• [Work instructions]: Locate the line bearing "(i, j) \<Rightarrow>" in the material below, then reproduce it and each following line up to and including the line bearing "(\<Sum>r\<in>?R. \<Sum>c\<in>?R. M".

• [Supplied records]:
lemma expect_ising_H:
  assumes E: "simple_graph N E" and \<phi>: "\<phi> \<in> carrier_vec (2^N)"
  shows "expect (ising_H N E g) \<phi>
    = - (\<Sum>(i, j)\<in>E. pauli_expect N \<phi> 0 (xor (2^i) (2^j)))
      - complex_of_real g * (\<Sum>i<N. pauli_expect N \<phi> (2^i) 0)"
proof -
  let ?w = "\<lambda>r c. \<phi> $ c * cnj (\<phi> $ r)"
  let ?R = "{0..<(2::nat)^N}"
  let ?z = "\<lambda>e r c. (case e of (i, j) \<Rightarrow> (Zop N i * Zop N j) $$ (r, c))"
  let ?x = "\<lambda>i r c. Xop N i $$ (r, c)"
  have bilinear: "expect M \<phi> = (\<Sum>r\<in>?R. \<Sum>c\<in>?R. M $$ (r, c) * ?w r c)"
    if "M \<in> carrier_mat (2^N) (2^N)" for M
    using expect_eq_bilinear[OF that \<phi>] .
  have "expect (ising_H N E g) \<phi>
      = (\<Sum>r\<in>?R. \<Sum>c\<in>?R. (- (\<Sum>e\<in>E. ?z e r c) - complex_of_real g * (\<Sum>i<N. ?x i r c)) * ?w r c)"
    by (subst bilinear) (auto simp: ising_H_def case_prod_beta intro!: sum.cong)
  also have "\<dots> = - (\<Sum>r\<in>?R. \<Sum>c\<in>?R. (\<Sum>e\<in>E. ?z e r c) * ?w r c)
      - complex_of_real g * (\<Sum>r\<in>?R. \<Sum>c\<in>?R. (\<Sum>i<N. ?x i r c) * ?w r c)"
    by (simp add: algebra_simps sum_subtractf sum_negf sum_distrib_left)
  also have "\<dots> = - (\<Sum>e\<in>E. \<Sum>r\<in>?R. \<Sum>c\<in>?R. ?z e r c * ?w r c)
      - complex_of_real g * (\<Sum>i<N. \<Sum>r\<in>?R. \<Sum>c\<in>?R. ?x i r c * ?w r c)"
    by (simp only: sum_sum_times_sum_swap)
  also have "(\<Sum>e\<in>E. \<Sum>r\<in>?R. \<Sum>c\<in>?R. ?z e r c * ?w r c)
      = (\<Sum>(i, j)\<in>E. pauli_expect N \<phi> 0 (xor (2^i) (2^j)))"
    by (intro sum.cong refl)
       (auto simp: bilinear[symmetric] Zop_mult_Zop pauli_op_carrier expect_pauli_op[OF \<phi>])
  also have "(\<Sum>i<N. \<Sum>r\<in>?R. \<Sum>c\<in>?R. ?x i r c * ?w r c) = (\<Sum>i<N. pauli_expect N \<phi> (2^i) 0)"
    by (intro sum.cong refl)
       (auto simp: bilinear[symmetric] Xop_def pauli_op_carrier expect_pauli_op[OF \<phi>])
  finally show ?thesis .
qed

• [Output for this task]:
  let ?z = "\<lambda>e r c. (case e of (i, j) \<Rightarrow> (Zop N i * Zop N j) $$ (r, c))"
  let ?x = "\<lambda>i r c. Xop N i $$ (r, c)"
  have bilinear: "expect M \<phi> = (\<Sum>r\<in>?R. \<Sum>c\<in>?R. M $$ (r, c) * ?w r c)"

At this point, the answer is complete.